TSK ve Cumhurbaşkanı
Kürt kökenli vatandaşlara yönelik demokratik açılımlar tartışılırken, Taraf’ın geçen hafta gündeme taşıdığı bir haber arada kaynadı gitti. Haberde TSK nın Abdullah Gül cumhurbaşkanı olunca protokol kurallarını değiştirdiği,seyahatlerde yol güzergahında bulunan yerlerde mola verilmesi halinde Ordu evlerinde Türban yasağının olduğunun Cumhurbaşkanına hatırlatılması gerektiği iddia ediliyor.
Genel kurmay şimdiye kadar bu vahim iddiayı yalanlamadı.
Eğer haber doğruysa genel kurmayın, baş komutanını Ordu evlerine sokmamak için her yolu denediği anlaşılıyor.
Genel kurmayın türban karşıtı tavrı önceden beri biliniyor. Bu hukuk dışı yasağın arkasındaki esas gücün TSK olduğunu da herkes biliyor.
Son otuz yıldır TSK sadece başörtü meydan muharebesini kazandı. Kürt açılımı vesilesiyle terörü göstererek Türkiye’ye baş eğdirmek isteyenler terör mücadelesinde askerin başarısızlığı yüzünden bu kadar küstahlaştılar.
TSK da ki bazı unsurlar baş örtüsü düşmanlığı yapacaklarına görevlerini yapsaydılar bugün Kürt kökenli vatandaşlarımızla daha onurlu bir zeminde meseleleri tartışmak mümkün olurdu. Otuz yıldır süren terör mücadelesinde düzenli orduların terörle mücadelesinin zor olduğu anlaşılmasına rağmen, alternatif bir mücadele biçimi geliştirilememiştir. Otuz yıl, strateji değiştirmeyi düşünmeyen, bir bürokrasi Türkiye açısından bir güvenlik sorununun kapıda olduğuna işarettir.
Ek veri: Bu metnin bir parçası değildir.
(* Assume the quadratic vector equation $Mx=a+b(x,x)$ has at least one solution, and let $x_\ast$ be its minimal solution. Then for each $i\in\{1,\dots,n\}$, $(x_\ast)_i>0$ if and only if there exists a positivity-showing sequence for $i$.
   Context: Inequalities between vectors are componentwise. An M-matrix is a matrix $sI-P$ with $P\geq0$ entrywise and $s\geq\rho(P)$ ($\rho$ = spectral radius). Let $M\in\mathbb R^{n\times n}$ be a nonsingular M-matrix, $a\in\mathbb R^n$ with $a\geq 0$, and $b:\mathbb R^n\times\mathbb R^n\to\mathbb R^n$ a bilinear map (not necessarily symmetric) with $b(x,y)\geq 0$ whenever $x,y\geq 0$. A solution means a vector $x\geq0$ with $Mx=a+b(x,x)$; a solution $x_\ast$ is minimal if $x_\ast\leq y$ for every solution $y$. Let $(M^{-1}B)_{rst}$ denote the tensor of the bilinear map $(x,y)\mapsto M^{-1}b(x,y)$, i.e. $(M^{-1}b(x,y))_t=\sum_{r,s}(M^{-1}B)_{rst}x_r y_s$. A finite sequence $S_1,\dots,S_N$ of subsets of $\{1,\dots,n\}$ is positivity-showing for $i$ if: (i) $S_1=\{h:(M^{-1}a)_h>0\}$; (ii) $S_h\subseteq S_{h+1}$ for each $h$; (iii) for each $h$ and each $t\in S_{h+1}\setminus S_h$ there exist $r,s\in S_h$ (possibly $r=s$) with $(M^{-1}B)_{rst}>0$; (iv) $i\in S_N$. *)

theory Defs
  imports "HOL-Analysis.Analysis"
begin

definition cmat :: "real^'n^'n \<Rightarrow> complex^'n^'n" where
  "cmat A = (\<chi> i j. complex_of_real (A$i$j))"

definition spec_rad :: "real^'n^'n \<Rightarrow> real" where
  "spec_rad A = Sup {cmod l | l. \<exists>v::complex^'n. v \<noteq> 0 \<and> cmat A *v v = l *s v}"

definition is_M_matrix :: "real^'n^'n \<Rightarrow> bool" where
  "is_M_matrix M \<longleftrightarrow> (\<exists>s P. (\<forall>i j. 0 \<le> P$i$j) \<and> spec_rad P \<le> s
       \<and> M = s *\<^sub>R mat 1 - P)"

definition nonsingular_M_matrix :: "real^'n^'n \<Rightarrow> bool" where
  "nonsingular_M_matrix M \<longleftrightarrow> is_M_matrix M \<and> invertible M"

definition is_solution ::
  "real^'n^'n \<Rightarrow> real^'n \<Rightarrow> (real^'n \<Rightarrow> real^'n \<Rightarrow> real^'n) \<Rightarrow> real^'n \<Rightarrow> bool" where
  "is_solution M a b x \<longleftrightarrow> (\<forall>i. 0 \<le> x$i) \<and> M *v x = a + b x x"

definition is_minimal_solution ::
  "real^'n^'n \<Rightarrow> real^'n \<Rightarrow> (real^'n \<Rightarrow> real^'n \<Rightarrow> real^'n) \<Rightarrow> real^'n \<Rightarrow> bool" where
  "is_minimal_solution M a b x \<longleftrightarrow> is_solution M a b x \<and>
     (\<forall>y. is_solution M a b y \<longrightarrow> (\<forall>i. x$i \<le> y$i))"

definition MinvB ::
  "real^'n^'n \<Rightarrow> (real^'n \<Rightarrow> real^'n \<Rightarrow> real^'n) \<Rightarrow> 'n \<Rightarrow> 'n \<Rightarrow> 'n \<Rightarrow> real" where
  "MinvB M b r s t = (matrix_inv M *v b (axis r 1) (axis s 1)) $ t"

text \<open>Positivity-showing sequence S_1,...,S_N, represented as a nonempty list
  (0-based: S!0 = S_1, last S = S_N).\<close>
definition positivity_showing ::
  "real^'n^'n \<Rightarrow> real^'n \<Rightarrow> (real^'n \<Rightarrow> real^'n \<Rightarrow> real^'n) \<Rightarrow> 'n \<Rightarrow> 'n set list \<Rightarrow> bool" where
  "positivity_showing M a b i S \<longleftrightarrow>
     S \<noteq> [] \<and>
     S ! 0 = {h. (matrix_inv M *v a) $ h > 0} \<and>
     (\<forall>h. Suc h < length S \<longrightarrow> S ! h \<subseteq> S ! Suc h) \<and>
     (\<forall>h. Suc h < length S \<longrightarrow> (\<forall>t \<in> S ! Suc h - S ! h.
         \<exists>r \<in> S ! h. \<exists>s \<in> S ! h. MinvB M b r s t > 0)) \<and>
     i \<in> last S"

end

theory Submission
  imports Defs
begin

(* Write N = M^{-1}.  The equation Mx = a + b(x,x) is equivalent to the fixed-point equation
   x = F x with F x = c + (sum over r,s of x_r x_s T_rst), where c = N a and T = M^{-1}B.
   The only matrix-theoretic input is that N has nonnegative entries (first section).  It is
   proved by a continuation argument in t for the shifted matrices tI - P: inverse positivity
   holds for large t, the set where it holds is open below and closed above as long as tI - P
   stays nonsingular, and tI - P is nonsingular for every t above the spectral radius of P.
   The second section treats a quadratic map F with nonnegative coefficients c, T in general:
   - the indices forced positive form the inductive set "reach" generated by {t. c_t > 0} and
     the rule "r, s reached and T_rst > 0 imply t reached"; positivity-showing sequences are
     exactly finite stages of this generation process;
   - every nonnegative fixed point is positive on reach (rule induction);
   - the least fixed point vanishes outside reach: cutting it down to zero outside reach gives
     a supersolution y >= F y, and the monotone iterates F^k 0 converge to a fixed point below
     every nonnegative supersolution. *)

section \<open>Inverse-positive matrices and nonsingular M-matrices\<close>

definition inverse_positive :: "real^'n^'n \<Rightarrow> bool" where
  "inverse_positive A \<longleftrightarrow> (\<forall>y. (\<forall>i. 0 \<le> (A *v y)$i) \<longrightarrow> (\<forall>i. 0 \<le> y$i))"

lemma ex_argmin: fixes f :: "'n::finite \<Rightarrow> real" shows "\<exists>i. \<forall>j. f i \<le> f j"
  using ex_is_arg_min_if_finite[of UNIV f] by (auto simp: is_arg_min_def not_less)

lemma ex_argmax: fixes f :: "'n::finite \<Rightarrow> real" shows "\<exists>i. \<forall>j. f j \<le> f i"
  using ex_argmin[of "\<lambda>j. - f j"] by auto

lemma shifted_matrix_component:
  "((t *\<^sub>R mat 1 - P) *v y) $ i = t * y$i - (\<Sum>j\<in>UNIV. P$i$j * y$j)"
  by (simp add: matrix_vector_mult_diff_rdistrib scaleR_matrix_vector_assoc[symmetric])
     (simp add: matrix_vector_mult_def)

text \<open>An inverse-positive matrix has trivial kernel (apply the definition to y and to -y).\<close>
lemma inverse_positive_det_nz:
  assumes "inverse_positive A" shows "det A \<noteq> 0"
proof -
  have "inj ((*v) A)"
  proof (rule linear_injective_0[OF matrix_vector_mul_linear, THEN iffD2], intro allI impI)
    fix x assume x: "A *v x = 0"
    have "\<forall>i. 0 \<le> x$i" using assms x unfolding inverse_positive_def by auto
    moreover have "A *v (-x) = 0" using x by (metis matrix_vector_mult_diff_distrib diff_0 diff_self)
    then have "\<forall>i. 0 \<le> (-x)$i" using assms unfolding inverse_positive_def by (metis order_refl zero_index)
    ultimately show "x = 0" by (simp add: vec_eq_iff) (meson antisym neg_0_le_iff_le)
  qed
  then show ?thesis using det_nz_iff_inj[OF matrix_vector_mul_linear, of A] by simp
qed

text \<open>For t larger than the total mass of P >= 0, the matrix tI - P is inverse positive:
  at a most negative coordinate of y the row of (tI - P)y would be negative.\<close>
lemma inverse_positive_shift_large:
  fixes P :: "real^'n^'n"
  assumes P: "\<forall>i j. 0 \<le> P$i$j" and t: "t > (\<Sum>i\<in>UNIV. \<Sum>j\<in>UNIV. P$i$j)"
  shows "inverse_positive (t *\<^sub>R mat 1 - P)"
  unfolding inverse_positive_def
proof (rule allI, rule impI)
  fix y :: "real^'n" assume h: "\<forall>i. 0 \<le> ((t *\<^sub>R mat 1 - P) *v y)$i"
  obtain i0 where i0: "\<forall>j. y$i0 \<le> y$j" using ex_argmin[of "\<lambda>j. y$j"] by blast
  show "\<forall>i. 0 \<le> y$i"
  proof (rule ccontr)
    assume "\<not> (\<forall>i. 0 \<le> y$i)"
    then have neg: "y$i0 < 0" using i0 by (meson le_less_trans not_le)
    let ?row = "\<Sum>j\<in>UNIV. P$i0$j"
    have "0 \<le> t * y$i0 - (\<Sum>j\<in>UNIV. P$i0$j * y$j)"
      using h[rule_format, of i0] by (simp add: shifted_matrix_component)
    moreover have "?row * y$i0 \<le> (\<Sum>j\<in>UNIV. P$i0$j * y$j)"
      unfolding sum_distrib_right by (intro sum_mono) (simp add: P i0 mult_left_mono)
    ultimately have nonneg: "0 \<le> (t - ?row) * y$i0" by (simp add: algebra_simps)
    have "?row \<le> (\<Sum>i\<in>UNIV. \<Sum>j\<in>UNIV. P$i$j)"
      by (rule member_le_sum) (auto simp: P sum_nonneg)
    then have "0 < t - ?row" using t by linarith
    then have "(t - ?row) * y$i0 < 0" using neg by (rule mult_pos_neg)
    with nonneg show False by linarith
  qed
qed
Kürt açılımına Türkiye, savunma zaafları yüzünden yenilmese de PKK yı yenemediğini kabullenmiş bir psikoloji ile gidiyor. Tüm çabalar terör gölgesi altında cereyan ediyor. Terör belasından kurtulma adına, Türkiye’nin hem kırmızı çizgileri hem onur çizgileri çiğneniyor. Bununla asla bu problemin çözümsüzlüğe bırakılmasını kast etmiyorum. Bilakis, Ziya Gökalp’in yıllar önce dediği gibi, Kürt’ü sevmeyen Türk, Türk değildir, Türk’ü sevmeyen Kürt, Kürt değildir, sözüne inananlardanım. Ama salim kafayla çözüme bağlanmayan meseleler sonradan daha büyük bir problem halini alarak nüksederler.
Aksi iddia edilse de, Türkiye’yi bu açılıma zorlayan PKK terörüdür.
Silahların gölgesinde yapılan açılımların ne kadar derde deva olacağını zaman gösterecek. Hükümetin bu şartlarda masaya oturmasının sebebi, askerin terörle mücadele etmek yerine enerjisini yanlış işlere harcamasındandır. Kimin başı örtülü, hangi bürokrat namaz kılıyor, kim imam hatip mezunu diye araştırmaktan PKK ya zaman kalmamıştır.Ondan sonrada biz görevimizi yapıyoruz, siyasetçi görevini yapmıyor deniliyor. Görev böyle mi yapılır. Topun, tüfeğin, uçağın, tankın var ama otuz yıldır bir avuç eşkiyanın hakkından gelemiyorsun.
Geldiğimiz noktaya rağmen bazı asker bürokratların hala uslanmadıkları Cumhurbaşkanına karşı aldıkları tavırdan anlaşılıyor. Bu ülke askersiz ayakta kalamaz, ama politize olmuş, görev sınırlarının dışına çıkmış bir askerle de ayakta kalamaz. Eğer doğruysa protokol kurallarını değiştirerek Cumhurbaşkanına yapılan saygısızlık, bütün bir millete yapılmış saygısızlıktır. Türk halkı askerinden siyaset değil, vatanın onurunu, namusunu korumasını bekliyor. En şerefli, en yiğit asker görevini iyi yapan askerdir. TSK bu protokol ayıbından kurtulmalıdır.